# REQUIREMENT
Every single entry must be restated word for word.
____ PROVIDED INFORMATION
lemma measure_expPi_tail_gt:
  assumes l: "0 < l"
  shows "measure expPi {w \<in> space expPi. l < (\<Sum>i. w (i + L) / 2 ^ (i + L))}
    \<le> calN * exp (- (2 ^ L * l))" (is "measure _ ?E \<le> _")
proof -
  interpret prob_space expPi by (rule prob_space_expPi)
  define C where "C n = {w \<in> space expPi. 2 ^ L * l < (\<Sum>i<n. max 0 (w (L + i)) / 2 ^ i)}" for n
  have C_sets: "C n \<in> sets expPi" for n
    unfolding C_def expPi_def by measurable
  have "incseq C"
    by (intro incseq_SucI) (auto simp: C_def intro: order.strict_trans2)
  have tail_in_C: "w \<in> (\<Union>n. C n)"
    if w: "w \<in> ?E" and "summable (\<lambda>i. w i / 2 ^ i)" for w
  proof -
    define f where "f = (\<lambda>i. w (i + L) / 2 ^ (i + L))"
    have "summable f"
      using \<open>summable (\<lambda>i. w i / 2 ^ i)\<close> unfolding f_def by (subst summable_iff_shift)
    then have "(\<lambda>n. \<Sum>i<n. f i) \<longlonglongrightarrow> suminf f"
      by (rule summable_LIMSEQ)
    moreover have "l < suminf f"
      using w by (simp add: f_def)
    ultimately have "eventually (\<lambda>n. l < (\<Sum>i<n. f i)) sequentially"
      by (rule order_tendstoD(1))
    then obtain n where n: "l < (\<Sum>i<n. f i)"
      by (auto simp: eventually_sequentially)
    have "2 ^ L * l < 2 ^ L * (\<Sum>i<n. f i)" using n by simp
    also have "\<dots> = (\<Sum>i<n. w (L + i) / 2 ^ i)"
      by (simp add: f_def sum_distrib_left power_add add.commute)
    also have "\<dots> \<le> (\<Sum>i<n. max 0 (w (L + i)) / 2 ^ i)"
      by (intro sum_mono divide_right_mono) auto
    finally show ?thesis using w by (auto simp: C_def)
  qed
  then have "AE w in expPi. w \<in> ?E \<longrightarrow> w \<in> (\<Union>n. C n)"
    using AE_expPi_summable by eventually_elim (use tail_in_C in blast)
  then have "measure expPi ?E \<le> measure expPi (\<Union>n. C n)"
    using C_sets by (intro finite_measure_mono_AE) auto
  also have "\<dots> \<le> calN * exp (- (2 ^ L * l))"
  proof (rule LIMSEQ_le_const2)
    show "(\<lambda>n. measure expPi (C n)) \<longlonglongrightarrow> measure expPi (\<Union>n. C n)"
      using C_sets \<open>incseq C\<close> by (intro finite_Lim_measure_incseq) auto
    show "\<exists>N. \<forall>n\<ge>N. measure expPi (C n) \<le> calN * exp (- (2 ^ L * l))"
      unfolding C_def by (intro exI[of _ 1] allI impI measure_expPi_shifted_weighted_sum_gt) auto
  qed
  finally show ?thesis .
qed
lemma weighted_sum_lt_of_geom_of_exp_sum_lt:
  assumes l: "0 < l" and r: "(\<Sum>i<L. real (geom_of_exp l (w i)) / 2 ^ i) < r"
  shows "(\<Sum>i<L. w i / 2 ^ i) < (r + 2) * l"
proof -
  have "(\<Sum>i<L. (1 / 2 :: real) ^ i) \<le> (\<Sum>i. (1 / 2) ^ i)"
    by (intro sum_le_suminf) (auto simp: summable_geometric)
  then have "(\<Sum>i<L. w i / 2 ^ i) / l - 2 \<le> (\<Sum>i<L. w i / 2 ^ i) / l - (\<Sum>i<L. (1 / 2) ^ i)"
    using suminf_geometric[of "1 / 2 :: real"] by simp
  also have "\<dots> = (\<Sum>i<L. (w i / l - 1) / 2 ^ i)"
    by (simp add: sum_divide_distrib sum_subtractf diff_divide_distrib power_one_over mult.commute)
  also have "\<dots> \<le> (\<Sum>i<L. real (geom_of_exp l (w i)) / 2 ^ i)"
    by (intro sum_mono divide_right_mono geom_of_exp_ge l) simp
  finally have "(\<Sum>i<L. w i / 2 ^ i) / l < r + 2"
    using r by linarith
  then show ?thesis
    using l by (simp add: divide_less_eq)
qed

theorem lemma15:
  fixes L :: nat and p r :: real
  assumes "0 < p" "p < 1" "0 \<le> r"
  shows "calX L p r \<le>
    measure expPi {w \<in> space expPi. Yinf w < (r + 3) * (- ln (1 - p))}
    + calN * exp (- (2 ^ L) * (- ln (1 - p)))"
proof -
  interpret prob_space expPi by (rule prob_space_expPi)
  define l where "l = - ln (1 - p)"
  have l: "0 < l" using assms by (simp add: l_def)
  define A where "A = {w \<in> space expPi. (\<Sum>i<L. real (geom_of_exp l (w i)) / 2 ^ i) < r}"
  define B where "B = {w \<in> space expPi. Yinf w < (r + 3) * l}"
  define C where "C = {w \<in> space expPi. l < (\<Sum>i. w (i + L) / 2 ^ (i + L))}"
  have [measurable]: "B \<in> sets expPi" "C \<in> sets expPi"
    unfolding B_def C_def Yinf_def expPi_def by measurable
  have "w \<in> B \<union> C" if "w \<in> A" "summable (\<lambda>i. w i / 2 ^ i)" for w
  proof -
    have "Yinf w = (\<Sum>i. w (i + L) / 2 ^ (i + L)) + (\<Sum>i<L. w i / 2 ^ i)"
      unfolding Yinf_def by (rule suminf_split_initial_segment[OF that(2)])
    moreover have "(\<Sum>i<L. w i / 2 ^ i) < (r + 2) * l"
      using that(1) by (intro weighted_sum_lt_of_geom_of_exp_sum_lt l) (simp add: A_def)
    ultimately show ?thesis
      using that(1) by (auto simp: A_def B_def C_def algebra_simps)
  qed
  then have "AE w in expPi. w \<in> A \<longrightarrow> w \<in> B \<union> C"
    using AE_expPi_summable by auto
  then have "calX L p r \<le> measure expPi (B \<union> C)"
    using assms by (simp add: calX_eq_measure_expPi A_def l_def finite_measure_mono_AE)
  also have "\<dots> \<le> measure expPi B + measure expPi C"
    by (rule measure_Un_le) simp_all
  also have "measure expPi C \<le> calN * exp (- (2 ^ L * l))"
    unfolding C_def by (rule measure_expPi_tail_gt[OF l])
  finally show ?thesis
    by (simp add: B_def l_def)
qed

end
________
# ANSWER FOR THIS EXERCISE
lemma measure_expPi_tail_gt:
  assumes l: "0 < l"
  shows "measure expPi {w \<in> space expPi. l < (\<Sum>i. w (i + L) / 2 ^ (i + L))}
    \<le> calN * exp (- (2 ^ L * l))" (is "measure _ ?E \<le> _")
proof -
  interpret prob_space expPi by (rule prob_space_expPi)
  define C where "C n = {w \<in> space expPi. 2 ^ L * l < (\<Sum>i<n. max 0 (w (L + i)) / 2 ^ i)}" for n
  have C_sets: "C n \<in> sets expPi" for n
    unfolding C_def expPi_def by measurable
  have "incseq C"
    by (intro incseq_SucI) (auto simp: C_def intro: order.strict_trans2)
  have tail_in_C: "w \<in> (\<Union>n. C n)"
    if w: "w \<in> ?E" and "summable (\<lambda>i. w i / 2 ^ i)" for w
  proof -
    define f where "f = (\<lambda>i. w (i + L) / 2 ^ (i + L))"
    have "summable f"
      using \<open>summable (\<lambda>i. w i / 2 ^ i)\<close> unfolding f_def by (subst summable_iff_shift)
    then have "(\<lambda>n. \<Sum>i<n. f i) \<longlonglongrightarrow> suminf f"
      by (rule summable_LIMSEQ)
    moreover have "l < suminf f"
      using w by (simp add: f_def)
    ultimately have "eventually (\<lambda>n. l < (\<Sum>i<n. f i)) sequentially"
      by (rule order_tendstoD(1))
    then obtain n where n: "l < (\<Sum>i<n. f i)"
      by (auto simp: eventually_sequentially)
    have "2 ^ L * l < 2 ^ L * (\<Sum>i<n. f i)" using n by simp
    also have "\<dots> = (\<Sum>i<n. w (L + i) / 2 ^ i)"
      by (simp add: f_def sum_distrib_left power_add add.commute)
    also have "\<dots> \<le> (\<Sum>i<n. max 0 (w (L + i)) / 2 ^ i)"
      by (intro sum_mono divide_right_mono) auto
    finally show ?thesis using w by (auto simp: C_def)
  qed
  then have "AE w in expPi. w \<in> ?E \<longrightarrow> w \<in> (\<Union>n. C n)"
    using AE_expPi_summable by eventually_elim (use tail_in_C in blast)
  then have "measure expPi ?E \<le> measure expPi (\<Union>n. C n)"
    using C_sets by (intro finite_measure_mono_AE) auto
  also have "\<dots> \<le> calN * exp (- (2 ^ L * l))"
  proof (rule LIMSEQ_le_const2)
    show "(\<lambda>n. measure expPi (C n)) \<longlonglongrightarrow> measure expPi (\<Union>n. C n)"
      using C_sets \<open>incseq C\<close> by (intro finite_Lim_measure_incseq) auto
    show "\<exists>N. \<forall>n\<ge>N. measure expPi (C n) \<le> calN * exp (- (2 ^ L * l))"
      unfolding C_def by (intro exI[of _ 1] allI impI measure_expPi_shifted_weighted_sum_gt) auto
  qed
  finally show ?thesis .
qed
lemma weighted_sum_lt_of_geom_of_exp_sum_lt:
  assumes l: "0 < l" and r: "(\<Sum>i<L. real (geom_of_exp l (w i)) / 2 ^ i) < r"
  shows "(\<Sum>i<L. w i / 2 ^ i) < (r + 2) * l"
proof -
  have "(\<Sum>i<L. (1 / 2 :: real) ^ i) \<le> (\<Sum>i. (1 / 2) ^ i)"
    by (intro sum_le_suminf) (auto simp: summable_geometric)
  then have "(\<Sum>i<L. w i / 2 ^ i) / l - 2 \<le> (\<Sum>i<L. w i / 2 ^ i) / l - (\<Sum>i<L. (1 / 2) ^ i)"
    using suminf_geometric[of "1 / 2 :: real"] by simp
  also have "\<dots> = (\<Sum>i<L. (w i / l - 1) / 2 ^ i)"
    by (simp add: sum_divide_distrib sum_subtractf diff_divide_distrib power_one_over mult.commute)
  also have "\<dots> \<le> (\<Sum>i<L. real (geom_of_exp l (w i)) / 2 ^ i)"
    by (intro sum_mono divide_right_mono geom_of_exp_ge l) simp
  finally have "(\<Sum>i<L. w i / 2 ^ i) / l < r + 2"
    using r by linarith
  then show ?thesis
    using l by (simp add: divide_less_eq)
qed

theorem lemma15:
  fixes L :: nat and p r :: real
  assumes "0 < p" "p < 1" "0 \<le> r"
  shows "calX L p r \<le>
    measure expPi {w \<in> space expPi. Yinf w < (r + 3) * (- ln (1 - p))}
    + calN * exp (- (2 ^ L) * (- ln (1 - p)))"
proof -
  interpret prob_space expPi by (rule prob_space_expPi)
  define l where "l = - ln (1 - p)"
  have l: "0 < l" using assms by (simp add: l_def)
  define A where "A = {w \<in> space expPi. (\<Sum>i<L. real (geom_of_exp l (w i)) / 2 ^ i) < r}"
  define B where "B = {w \<in> space expPi. Yinf w < (r + 3) * l}"
  define C where "C = {w \<in> space expPi. l < (\<Sum>i. w (i + L) / 2 ^ (i + L))}"
  have [measurable]: "B \<in> sets expPi" "C \<in> sets expPi"
    unfolding B_def C_def Yinf_def expPi_def by measurable
  have "w \<in> B \<union> C" if "w \<in> A" "summable (\<lambda>i. w i / 2 ^ i)" for w
  proof -
    have "Yinf w = (\<Sum>i. w (i + L) / 2 ^ (i + L)) + (\<Sum>i<L. w i / 2 ^ i)"
      unfolding Yinf_def by (rule suminf_split_initial_segment[OF that(2)])
    moreover have "(\<Sum>i<L. w i / 2 ^ i) < (r + 2) * l"
      using that(1) by (intro weighted_sum_lt_of_geom_of_exp_sum_lt l) (simp add: A_def)
    ultimately show ?thesis
      using that(1) by (auto simp: A_def B_def C_def algebra_simps)
  qed
  then have "AE w in expPi. w \<in> A \<longrightarrow> w \<in> B \<union> C"
    using AE_expPi_summable by auto
  then have "calX L p r \<le> measure expPi (B \<union> C)"
    using assms by (simp add: calX_eq_measure_expPi A_def l_def finite_measure_mono_AE)
  also have "\<dots> \<le> measure expPi B + measure expPi C"
    by (rule measure_Un_le) simp_all
  also have "measure expPi C \<le> calN * exp (- (2 ^ L * l))"
    unfolding C_def by (rule measure_expPi_tail_gt[OF l])
  finally show ?thesis
    by (simp add: B_def l_def)
qed

end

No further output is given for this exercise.